Mitochondrial delivery of antisense RNA by MITO-Porter results in mitochondrial RNA knockdown, and has a functional impact on mitochondria
Introduction
Small interfering RNA (siRNA) is frequently used to achieve specific knockdown of target mRNA [1]. Although recent studies have addressed the component of the RNA-induced silencing complex in mitochondria, applications of siRNA to mitochondria have not been reported [2]. On the other hand, this unique organelle possesses not only protein-coding mRNA transcribed from mitochondrial DNA (mtDNA) but also non-coding RNAs such as tRNA, rRNA, and microRNA (miRNA) [3], [4], [5], [6], [7], [8]. It has been reported that miRNAs have the potential to regulate mitochondrial gene expression via a post-transcriptional pathway such as mitochondrial RNA degradosomes [9], [10], [11], [12]. Thus, the knockdown of mitochondrial RNA via the mitochondrial delivery of antisense RNA oligonucleotide (ASO) would be expected to contribute to the development of a mitochondrial therapeutic approach and a more complete understanding of the post-transcriptional regulation.

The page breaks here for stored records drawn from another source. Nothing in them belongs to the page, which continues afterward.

definition blocks :: "nat \<Rightarrow> (nat \<Rightarrow> nat) \<Rightarrow> (nat \<Rightarrow> nat) \<Rightarrow> nat \<Rightarrow> nat list" where
  "blocks n a c k = concat (map (\<lambda>j. gamma n (a j) (c j)) [1..<k+1])"

definition Theta :: "nat \<Rightarrow> nat \<Rightarrow> nat \<Rightarrow> nat \<Rightarrow> nat \<Rightarrow> real" where
  "Theta n a c i j =
    (if i = 1 then (if j = 1 then 1 else real c)
     else if i = n then (if j = 1 then 1 else real c + 1)
     else if even i then (if j = 1 then 0 else if j = i \<or> j = i + 1 then 2 else 1)
     else (if j = i - 1 then real a else if j = i then real a + 1 else 0))"

definition matmul :: "nat \<Rightarrow> (nat \<Rightarrow> nat \<Rightarrow> real) \<Rightarrow> (nat \<Rightarrow> nat \<Rightarrow> real) \<Rightarrow> nat \<Rightarrow> nat \<Rightarrow> real" where
  "matmul n A B i j = (\<Sum>l=1..n. A i l * B l j)"

primrec ThetaProd :: "nat \<Rightarrow> (nat \<Rightarrow> nat) \<Rightarrow> (nat \<Rightarrow> nat) \<Rightarrow> nat \<Rightarrow> nat \<Rightarrow> nat \<Rightarrow> nat \<Rightarrow> real" where
  "ThetaProd n a c k 0 = (\<lambda>i j. if i = j then 1 else 0)"
| "ThetaProd n a c k (Suc d) = matmul n (ThetaProd n a c k d) (Theta n (a (k+d+1)) (c (k+d+1)))"

definition normcol :: "nat \<Rightarrow> (nat \<Rightarrow> nat) \<Rightarrow> (nat \<Rightarrow> nat) \<Rightarrow> nat \<Rightarrow> nat \<Rightarrow> nat \<Rightarrow> nat \<Rightarrow> real" where
  "normcol n a c k j d i = ThetaProd n a c k d i j / (\<Sum>r=1..n. ThetaProd n a c k d r j)"

end

theory Submission
  imports Defs
begin

(* Every Theta_{a,c} is invariant under the simultaneous permutation of rows and columns
   exchanging the label pairs (u, u+1) and (v, v+1), for even u, v in 2..n-2: such a
   permutation fixes 1 and n and respects parity and the pairing.  Hence so is every product
   Theta_{k+1}...Theta_{k+d}, and for j fixed by the permutation the normalised column for
   e_j, its limit, and with it (lambda_j(I^(k)_i))_i are invariant.  Taking (u, v) to be
   (t-1, t'-1) for odd t, t', resp. (t, t') for even t, t', gives the claims. *)

definition matrix_invariant_under :: "nat \<Rightarrow> (nat \<Rightarrow> nat) \<Rightarrow> (nat \<Rightarrow> nat \<Rightarrow> real) \<Rightarrow> bool" where
  "matrix_invariant_under n \<sigma> A \<longleftrightarrow> (\<forall>i\<in>{1..n}. \<forall>j\<in>{1..n}. A (\<sigma> i) (\<sigma> j) = A i j)"

lemma matmul_invariant_under:
  assumes \<sigma>: "bij_betw \<sigma> {1..n} {1..n}"
    and A: "matrix_invariant_under n \<sigma> A" and B: "matrix_invariant_under n \<sigma> B"
  shows "matrix_invariant_under n \<sigma> (matmul n A B)"
  unfolding matrix_invariant_under_def
proof (intro ballI)
  fix i j assume i: "i \<in> {1..n}" and j: "j \<in> {1..n}"
  have "matmul n A B (\<sigma> i) (\<sigma> j) = (\<Sum>l=1..n. A (\<sigma> i) (\<sigma> l) * B (\<sigma> l) (\<sigma> j))"
    unfolding matmul_def
    using sum.reindex_bij_betw[OF \<sigma>, of "\<lambda>l. A (\<sigma> i) l * B l (\<sigma> j)"] by simp
  also have "\<dots> = matmul n A B i j"
    unfolding matmul_def using A B i j by (simp add: matrix_invariant_under_def)
  finally show "matmul n A B (\<sigma> i) (\<sigma> j) = matmul n A B i j" .
qed

lemma ThetaProd_invariant_under:
  assumes \<sigma>: "bij_betw \<sigma> {1..n} {1..n}"
    and Theta: "\<And>m. matrix_invariant_under n \<sigma> (Theta n (a m) (c m))"
  shows "matrix_invariant_under n \<sigma> (ThetaProd n a c k d)"
proof (induction d)
  case 0
  have "inj_on \<sigma> {1..n}" using \<sigma> by (rule bij_betw_imp_inj_on)
  then show ?case by (auto simp: matrix_invariant_under_def dest: inj_onD)
next
  case (Suc d)
  then show ?case by (simp add: matmul_invariant_under[OF \<sigma>] Theta)
qed

lemma normcol_invariant_under:
  assumes \<sigma>: "bij_betw \<sigma> {1..n} {1..n}"
    and P: "matrix_invariant_under n \<sigma> (ThetaProd n a c k d)"
    and j: "j \<in> {1..n}" "\<sigma> j = j" and i: "i \<in> {1..n}"
  shows "normcol n a c k j d (\<sigma> i) = normcol n a c k j d i"
proof -
  have P_col: "ThetaProd n a c k d (\<sigma> r) j = ThetaProd n a c k d r j" if "r \<in> {1..n}" for r
    using P j that unfolding matrix_invariant_under_def by metis
  have "(\<Sum>r=1..n. ThetaProd n a c k d r j) = (\<Sum>r=1..n. ThetaProd n a c k d (\<sigma> r) j)"
    using sum.reindex_bij_betw[OF \<sigma>, of "\<lambda>r. ThetaProd n a c k d r j"] by simp
  also have "\<dots> = (\<Sum>r=1..n. ThetaProd n a c k d r j)"
    using P_col by simp
  finally show ?thesis
    using P_col[OF i] by (simp add: normcol_def)
qed

lemma measure_invariant_under:
  fixes \<mu> :: "real measure" and I :: "nat \<Rightarrow> real set"
  assumes \<sigma>: "bij_betw \<sigma> {1..n} {1..n}"
    and Theta: "\<And>m. matrix_invariant_under n \<sigma> (Theta n (a m) (c m))"
    and j: "j \<in> {1..n}" "\<sigma> j = j" and i: "i \<in> {1..n}"
    and lim: "\<forall>i\<in>{1..n}. (\<lambda>d. normcol n a c k j d i) \<longlonglongrightarrow> L i"
    and meas: "\<forall>i\<in>{1..n}. measure \<mu> (I i) = r * L i"
  shows "measure \<mu> (I (\<sigma> i)) = measure \<mu> (I i)"
proof -
  have \<sigma>i: "\<sigma> i \<in> {1..n}" using \<sigma> i by (metis bij_betwE)
  have "(\<lambda>d. normcol n a c k j d (\<sigma> i)) = (\<lambda>d. normcol n a c k j d i)"
    using normcol_invariant_under[OF \<sigma> ThetaProd_invariant_under[OF \<sigma> Theta] j i] by simp
  then have "(\<lambda>d. normcol n a c k j d i) \<longlonglongrightarrow> L (\<sigma> i)"
    using lim \<sigma>i by metis
  then have "L (\<sigma> i) = L i"
    using lim i LIMSEQ_unique by blast
  then show ?thesis using meas i \<sigma>i by simp
qed

definition pair_swap :: "nat \<Rightarrow> nat \<Rightarrow> nat \<Rightarrow> nat" where
  "pair_swap u v x =
    (if x = u then v else if x = v then u
     else if x = u + 1 then v + 1 else if x = v + 1 then u + 1 else x)"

System for nucleic acids targeted to the cytosol and nucleus have been reported, while less efforts have been expended on mitochondrial delivery systems [1], [13], [14]. Weissig et al. reported that DQAsome, the mitochondriotropic nanocarrier [15], [16], was useful in altering mitochondrial gene expression by virtue of delivering a mini-mitochondrial genome to mitochondria [16]. However, a universal carrier has not yet been developed for mitochondrial matrix delivery, although they reported that an approach using a cationic nanocarrier such as DQAsome could be useful in terms of interacting with mitochondria. Seibel et al. reported that oligo DNA (ODN) and a peptide nucleic acid (PNA) covalently conjugated with the mitochondrial targeting signal peptide (MTS) can be introduced into isolated mitochondria [17], [18]. With the help of a device the cytoplasmic delivery, MTS-conjugated PNA was imported into mitochondria in cells. This method could be a viable strategy for the genetic modification of mitochondria [18]. We recently developed a MITO-Porter system, mitochondrial delivery system via mitochondrial outer membrane fusion [19], [20]. We applied the MITO-Porter system to mitochondrial genome targeting, such as the specific digestion of mtDNA by delivering encapsulated DNase I [21], [22].
In this study, we report on mitochondrial ASO delivery using an R8/GALA-modified MITO-Porter, and validation of mitochondrial RNA knockdown to control mitochondrial function. As shown in Fig. 1A, the R8/GALA-modified MITO-Porter is surface-modified with a high density of octaarginine (R8), which permits the particle to be efficiently internalized by cells via macropinocytosis (1st step) [23]. Once inside the cell, the carrier escapes from the endosome into the cytosol with the assistance of GALA, a pH-sensitive membrane fusogenic peptide (2nd step) [24], [25], [26]. The carrier then binds to mitochondria via electrostatic interactions with R8 (3rd step). In this experiment, we packaged the D-arm modified ASO in the carrier. D-arm is a D stem-loop import signal of tRNATyr(GUA) with the sequence UGGUAGAGC, and is efficiently imported into the mitochondrion of Leishmania, a kinetoplastid protozoan [27]. Oligo nucleic acids constituting D-arm or its analogues can also be imported into the mitochondrial matrix through the mitochondrial inner membrane in isolated mitochondria [28], [29]. Thus, it was expected that D-arm modified ASO encapsulated in the R8/GALA-modified MITO-Porter would facilitate mitochondrial matrix delivery. One possibility is that the MITO-Porter delivers the D-arm ASO to the mitochondrial intermembrane space after fusion with the outer membrane, and it is then imported into the mitochondrial matrix via the D-arm import machinery (upper part in Fig. 1B). An alternate another possibility is that the carriers directly introduce ASO into the mitochondrial matrix via step-wise membrane fusion on the contact sites of the outer and inner mitochondrial membranes (lower part in Fig. 1B).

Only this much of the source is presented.